Almost everywhere he goes, he’s welcomed warmly, but there is a hilarious moment when two identically dressed teens he photographs turn on him, curse him out and threaten to break his camera.  Instead of fleeing in fear from these angry kids more than sixty years his junior, he is entertained, giggling impishly as he pedals away.

A man who thrives on beauty, Bill has an expert eye for detecting trends.  From one of his favorite perches, the four corners of 57th Street and Fifth Avenue, often outside Bergdorf Goodman, he waits with his camera poised for prey — anyone stylishly dressed.  The clothes he photographs need not be expensive.  What’s required for a snap from Bill is that a subject looks original.  He takes his photographs with an unabashed enthusiasm lithely chasing objects of his admiration as they cross the street, scampering for a better angle, and occasionally directing a subject.  He is a guy who is most in the zone when he is clutching his Nikon.  He even snaps shots while pedaling from one location to the next.

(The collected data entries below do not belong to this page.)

lemma cover_rounds_lower_bound:
  fixes M :: "alg measure"
  assumes bij: "bij_betw pair_of {1..2 * L choose 2}
      {{u, v} | u v. u \<in> {1..2 * L} \<and> v \<in> {1..2 * L} \<and> u \<noteq> v}"
    and "3 \<le> L" and "1 \<le> S" and "prob_space M"
    and algs: "\<forall>A \<in> space M. valid_ampc (2 * L) S A \<and> length A \<le> R"
    and success: "\<forall>x. in_Delta (2 * L) pair_of x \<longrightarrow>
           {A \<in> space M. ampc_outputs (2 * L) S A x (one_vs_two_cycle (2 * L) pair_of x)} \<in> sets M
         \<and> measure M {A \<in> space M. ampc_outputs (2 * L) S A x (one_vs_two_cycle (2 * L) pair_of x)}
             \<ge> 1 - 1/6"
  shows "L \<le> (S * (S + 1)) ^ R"
proof (rule ccontr)
  assume "\<not> L \<le> (S * (S + 1)) ^ R"
  interpret prob_space M by fact
  define E where "E y = {A \<in> space M. ampc_outputs (2 * L) S A (cover_input pair_of L y) (of_bool (sheet L y L))}"
    for y
  have E: "E y \<in> events" "prob (E y) \<ge> 5 / 6" for y
    using success cover_input_in_Delta[OF bij \<open>3 \<le> L\<close>, of y] by (auto simp: E_def)
  have "(\<Sum>y\<in>cube L. indicator (E y) A) \<le> real (card (cube L)) / 2" if "A \<in> space M" for A
  proof -
    have "(S * (S + 1)) ^ length A \<le> (S * (S + 1)) ^ R"
      using algs that \<open>1 \<le> S\<close> by (intro power_increasing) auto
    then have "(S * (S + 1)) ^ length A < L"
      using \<open>\<not> L \<le> (S * (S + 1)) ^ R\<close> by linarith
    then show ?thesis
      using success_count_le_half[OF _ bij \<open>3 \<le> L\<close>] algs that
      by (simp add: E_def indicator_def of_bool_def)
  qed
  then have "(\<Sum>y\<in>cube L. prob (E y)) \<le> real (card (cube L)) / 2"
    using finite_cube E(1) by (intro sum_prob_le) auto
  moreover have "(\<Sum>y\<in>cube L. prob (E y)) \<ge> real (card (cube L)) * (5 / 6)"
    using sum_mono[of "cube L" "\<lambda>_. 5 / 6" "\<lambda>y. prob (E y)"] E(2) by simp
  moreover have "card (cube L) > 0"
    using finite_cube cube_nonempty by (simp add: card_gt_0_iff)
  ultimately show False by simp
qed

lemma log_bound_of_le_power:
  fixes S n R :: nat
  assumes "2 \<le> S" and "n \<le> 8 * S ^ (6 * R)"
  shows "1/6 * log S n - 1/2 * log S 2 \<le> R"
proof (cases "n = 0")
  case True
  have "log S 0 = 0" by (simp add: log_def)
  moreover have "0 \<le> log S 2" using assms(1) by simp
  ultimately show ?thesis using True by simp
next
  case False
  have "real n \<le> 8 * real S ^ (6 * R)"
    using assms(2) by (metis of_nat_le_iff of_nat_mult of_nat_numeral of_nat_power)
  then have "log S n \<le> log S (8 * S ^ (6 * R))"
    using assms(1) False by simp
  also have "\<dots> = 3 * log S 2 + 6 * R"
    using assms(1) log_nat_power[of 2 S 3] by (simp add: log_mult log_nat_power)
  finally show ?thesis by simp
qed

theorem theorem5p13:
  fixes n S R :: nat and pair_of :: "nat \<Rightarrow> nat set" and M :: "alg measure"
  assumes "even n" and "S \<ge> 2"
    and "bij_betw pair_of {1..n choose 2}
           {{u, v} | u v. u \<in> {1..n} \<and> v \<in> {1..n} \<and> u \<noteq> v}"
    and "prob_space M"
    and "\<forall>A \<in> space M. valid_ampc n S A \<and> length A \<le> R"
    and "\<forall>x. in_Delta n pair_of x \<longrightarrow>
           {A \<in> space M. ampc_outputs n S A x (one_vs_two_cycle n pair_of x)} \<in> sets M
         \<and> measure M {A \<in> space M. ampc_outputs n S A x (one_vs_two_cycle n pair_of x)}
             \<ge> 1 - 1/6"
  shows "real R \<ge> 1/6 * log (real S) (real n) - 1/2 * log (real S) 2"
proof -
  have "n \<le> 8 * S ^ (6 * R)"
  proof (cases "n \<le> 8")
    case True
    then show ?thesis using assms(2) one_le_power[of "S" "6 * R"] by linarith
  next
    case False
    define L where "L = n div 2"
    have n: "n = 2 * L" and "3 \<le> L"
      using assms(1) False by (auto simp: L_def)
    have "L \<le> (S * (S + 1)) ^ R"
      using cover_rounds_lower_bound[of pair_of L S M R] assms n \<open>3 \<le> L\<close> by simp
    also have "\<dots> \<le> (S ^ 3) ^ R"
    proof (rule power_mono)
      have "S + 1 \<le> S * S"
        using mult_le_mono1[of 2 S S] assms(2) by linarith
      then show "S * (S + 1) \<le> S ^ 3"
        unfolding power3_eq_cube mult.assoc by (rule mult_le_mono2)
    qed simp
    also have "\<dots> \<le> S ^ (6 * R)"
      using assms(2) by (simp add: power_increasing flip: power_mult)
    finally show ?thesis using n by simp
  qed
  then show ?thesis
    by (rule log_bound_of_le_power[OF assms(2)])
qed

end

His work ethic is so dedicated that it borders on obsessive.  Bill’s typical day usually starts around 8:30 am and ends at midnight.  He is also a walking encyclopedia of fashion trends past.  Since he is disinterested in pop culture, and his main focus is clothes, he is equally indifferent to celebrity.  In Paris, during fashion week, photographers swarm fashion icon Catherine Deneuve as she enters her limousine.  Bill stands back with his Nikon at rest.  Later, he matter-of-factly explains that she wasn’t wearing anything interesting.  As he waits to enter another fashion show amongst a horde of press, a minion questions Bill who waits patiently wearing a bemused expression.  When her boss appears, he brushes past the youngster, and gives Bill instant access declaring, “He’s the most important man on earth.”

While in Paris, Bill receives a prestigious award, a chevalier of the Order of Arts and Letters.  He seems to much prefer photographing the guests, but he does deliver an acceptance speech mostly in heavily American-accented French that he emotionally concludes in English, “If you look you can find beauty in everything.”

As Coco and I left the screening we marveled at Bill’s devotion to his craft and the overall purity of his spirit.  I vowed:

Me:  I’m going to further downsize my life!  I’ll completely commit myself to the written word!  I’ll be the Bill Cunningham of blogging!

Then, we hit a bar where I proceeded to drink my weight in sake.  I screwed off for the remainder of the week and did not publish another post until the following Friday.

Coco, had a more sober reaction:

Coco:  I’m going to hang out at 57th and Fifth every chance I get.

"We all get dressed for Bill," Anna Wintour. "But some way more than others," Lame Adventures Woman.

Bill Cunningham New York opens today for a two week run at the Film Forum in lower Manhattan, and will roll out in major cities nationally.